Print the whole listing again, exactly as it stands.

# Data provided:
++++++
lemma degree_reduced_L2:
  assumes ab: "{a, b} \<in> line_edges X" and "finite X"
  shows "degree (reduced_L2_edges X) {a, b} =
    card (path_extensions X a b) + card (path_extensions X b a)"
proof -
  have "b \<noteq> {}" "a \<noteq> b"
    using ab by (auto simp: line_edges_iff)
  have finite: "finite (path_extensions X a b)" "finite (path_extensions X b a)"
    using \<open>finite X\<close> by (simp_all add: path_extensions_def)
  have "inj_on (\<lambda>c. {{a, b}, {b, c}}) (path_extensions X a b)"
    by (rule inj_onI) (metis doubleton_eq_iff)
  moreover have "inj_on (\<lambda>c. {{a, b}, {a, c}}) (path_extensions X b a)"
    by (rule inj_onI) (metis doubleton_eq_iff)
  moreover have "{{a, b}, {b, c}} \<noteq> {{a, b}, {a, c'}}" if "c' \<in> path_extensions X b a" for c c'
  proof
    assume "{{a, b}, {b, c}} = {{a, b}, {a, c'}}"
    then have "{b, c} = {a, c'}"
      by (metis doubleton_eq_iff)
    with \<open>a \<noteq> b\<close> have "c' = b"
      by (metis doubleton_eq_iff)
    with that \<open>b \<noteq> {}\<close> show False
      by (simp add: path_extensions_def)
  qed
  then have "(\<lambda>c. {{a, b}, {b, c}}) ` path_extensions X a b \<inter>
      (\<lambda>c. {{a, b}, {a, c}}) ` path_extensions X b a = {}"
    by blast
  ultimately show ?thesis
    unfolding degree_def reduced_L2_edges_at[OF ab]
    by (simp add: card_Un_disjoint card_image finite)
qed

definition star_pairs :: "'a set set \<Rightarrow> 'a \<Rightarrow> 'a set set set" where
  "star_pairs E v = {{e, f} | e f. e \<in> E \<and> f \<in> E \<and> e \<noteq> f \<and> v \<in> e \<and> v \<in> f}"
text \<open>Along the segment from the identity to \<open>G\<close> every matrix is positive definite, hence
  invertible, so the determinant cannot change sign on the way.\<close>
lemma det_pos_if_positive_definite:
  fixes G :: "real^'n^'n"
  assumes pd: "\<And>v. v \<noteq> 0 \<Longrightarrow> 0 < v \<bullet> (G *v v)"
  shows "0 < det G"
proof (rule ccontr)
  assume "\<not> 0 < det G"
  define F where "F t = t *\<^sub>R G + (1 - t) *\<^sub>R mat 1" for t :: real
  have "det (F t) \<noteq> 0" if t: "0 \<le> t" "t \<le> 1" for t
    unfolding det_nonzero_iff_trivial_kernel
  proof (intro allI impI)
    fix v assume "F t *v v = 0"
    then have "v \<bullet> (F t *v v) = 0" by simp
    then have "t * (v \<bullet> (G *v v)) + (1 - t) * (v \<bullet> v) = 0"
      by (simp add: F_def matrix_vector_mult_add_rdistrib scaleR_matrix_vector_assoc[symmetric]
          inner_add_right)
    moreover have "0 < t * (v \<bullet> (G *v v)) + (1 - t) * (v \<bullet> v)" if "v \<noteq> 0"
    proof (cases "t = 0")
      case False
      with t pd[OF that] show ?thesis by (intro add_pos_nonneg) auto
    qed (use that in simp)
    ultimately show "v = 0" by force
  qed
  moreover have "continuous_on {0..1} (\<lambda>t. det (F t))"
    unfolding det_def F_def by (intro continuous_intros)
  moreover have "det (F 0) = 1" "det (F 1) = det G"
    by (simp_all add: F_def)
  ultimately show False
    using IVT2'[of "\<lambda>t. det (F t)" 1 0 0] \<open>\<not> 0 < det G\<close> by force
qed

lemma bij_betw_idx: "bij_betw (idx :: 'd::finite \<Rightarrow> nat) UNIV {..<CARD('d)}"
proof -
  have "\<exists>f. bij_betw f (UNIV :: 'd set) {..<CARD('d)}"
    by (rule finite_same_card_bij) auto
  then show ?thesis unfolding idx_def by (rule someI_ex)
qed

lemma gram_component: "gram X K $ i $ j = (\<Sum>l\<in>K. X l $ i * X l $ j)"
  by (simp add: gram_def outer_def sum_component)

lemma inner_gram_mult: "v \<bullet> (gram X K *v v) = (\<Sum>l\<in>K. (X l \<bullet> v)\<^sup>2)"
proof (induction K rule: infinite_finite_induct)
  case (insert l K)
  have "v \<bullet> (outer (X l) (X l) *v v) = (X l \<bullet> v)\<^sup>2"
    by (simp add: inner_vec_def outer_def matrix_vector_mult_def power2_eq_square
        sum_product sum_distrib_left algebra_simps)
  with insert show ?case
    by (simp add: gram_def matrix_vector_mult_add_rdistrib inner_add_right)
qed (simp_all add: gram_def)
++++++
# Answer area:
lemma degree_reduced_L2:
  assumes ab: "{a, b} \<in> line_edges X" and "finite X"
  shows "degree (reduced_L2_edges X) {a, b} =
    card (path_extensions X a b) + card (path_extensions X b a)"
proof -
  have "b \<noteq> {}" "a \<noteq> b"
    using ab by (auto simp: line_edges_iff)
  have finite: "finite (path_extensions X a b)" "finite (path_extensions X b a)"
    using \<open>finite X\<close> by (simp_all add: path_extensions_def)
  have "inj_on (\<lambda>c. {{a, b}, {b, c}}) (path_extensions X a b)"
    by (rule inj_onI) (metis doubleton_eq_iff)
  moreover have "inj_on (\<lambda>c. {{a, b}, {a, c}}) (path_extensions X b a)"
    by (rule inj_onI) (metis doubleton_eq_iff)
  moreover have "{{a, b}, {b, c}} \<noteq> {{a, b}, {a, c'}}" if "c' \<in> path_extensions X b a" for c c'
  proof
    assume "{{a, b}, {b, c}} = {{a, b}, {a, c'}}"
    then have "{b, c} = {a, c'}"
      by (metis doubleton_eq_iff)
    with \<open>a \<noteq> b\<close> have "c' = b"
      by (metis doubleton_eq_iff)
    with that \<open>b \<noteq> {}\<close> show False
      by (simp add: path_extensions_def)
  qed
  then have "(\<lambda>c. {{a, b}, {b, c}}) ` path_extensions X a b \<inter>
      (\<lambda>c. {{a, b}, {a, c}}) ` path_extensions X b a = {}"
    by blast
  ultimately show ?thesis
    unfolding degree_def reduced_L2_edges_at[OF ab]
    by (simp add: card_Un_disjoint card_image finite)
qed

definition star_pairs :: "'a set set \<Rightarrow> 'a \<Rightarrow> 'a set set set" where
  "star_pairs E v = {{e, f} | e f. e \<in> E \<and> f \<in> E \<and> e \<noteq> f \<and> v \<in> e \<and> v \<in> f}"
text \<open>Along the segment from the identity to \<open>G\<close> every matrix is positive definite, hence
  invertible, so the determinant cannot change sign on the way.\<close>
lemma det_pos_if_positive_definite:
  fixes G :: "real^'n^'n"
  assumes pd: "\<And>v. v \<noteq> 0 \<Longrightarrow> 0 < v \<bullet> (G *v v)"
  shows "0 < det G"
proof (rule ccontr)
  assume "\<not> 0 < det G"
  define F where "F t = t *\<^sub>R G + (1 - t) *\<^sub>R mat 1" for t :: real
  have "det (F t) \<noteq> 0" if t: "0 \<le> t" "t \<le> 1" for t
    unfolding det_nonzero_iff_trivial_kernel
  proof (intro allI impI)
    fix v assume "F t *v v = 0"
    then have "v \<bullet> (F t *v v) = 0" by simp
    then have "t * (v \<bullet> (G *v v)) + (1 - t) * (v \<bullet> v) = 0"
      by (simp add: F_def matrix_vector_mult_add_rdistrib scaleR_matrix_vector_assoc[symmetric]
          inner_add_right)
    moreover have "0 < t * (v \<bullet> (G *v v)) + (1 - t) * (v \<bullet> v)" if "v \<noteq> 0"
    proof (cases "t = 0")
      case False
      with t pd[OF that] show ?thesis by (intro add_pos_nonneg) auto
    qed (use that in simp)
    ultimately show "v = 0" by force
  qed
  moreover have "continuous_on {0..1} (\<lambda>t. det (F t))"
    unfolding det_def F_def by (intro continuous_intros)
  moreover have "det (F 0) = 1" "det (F 1) = det G"
    by (simp_all add: F_def)
  ultimately show False
    using IVT2'[of "\<lambda>t. det (F t)" 1 0 0] \<open>\<not> 0 < det G\<close> by force
qed

lemma bij_betw_idx: "bij_betw (idx :: 'd::finite \<Rightarrow> nat) UNIV {..<CARD('d)}"
proof -
  have "\<exists>f. bij_betw f (UNIV :: 'd set) {..<CARD('d)}"
    by (rule finite_same_card_bij) auto
  then show ?thesis unfolding idx_def by (rule someI_ex)
qed

lemma gram_component: "gram X K $ i $ j = (\<Sum>l\<in>K. X l $ i * X l $ j)"
  by (simp add: gram_def outer_def sum_component)

lemma inner_gram_mult: "v \<bullet> (gram X K *v v) = (\<Sum>l\<in>K. (X l \<bullet> v)\<^sup>2)"
proof (induction K rule: infinite_finite_induct)
  case (insert l K)
  have "v \<bullet> (outer (X l) (X l) *v v) = (X l \<bullet> v)\<^sup>2"
    by (simp add: inner_vec_def outer_def matrix_vector_mult_def power2_eq_square
        sum_product sum_distrib_left algebra_simps)
  with insert show ?case
    by (simp add: gram_def matrix_vector_mult_add_rdistrib inner_add_right)
qed (simp_all add: gram_def)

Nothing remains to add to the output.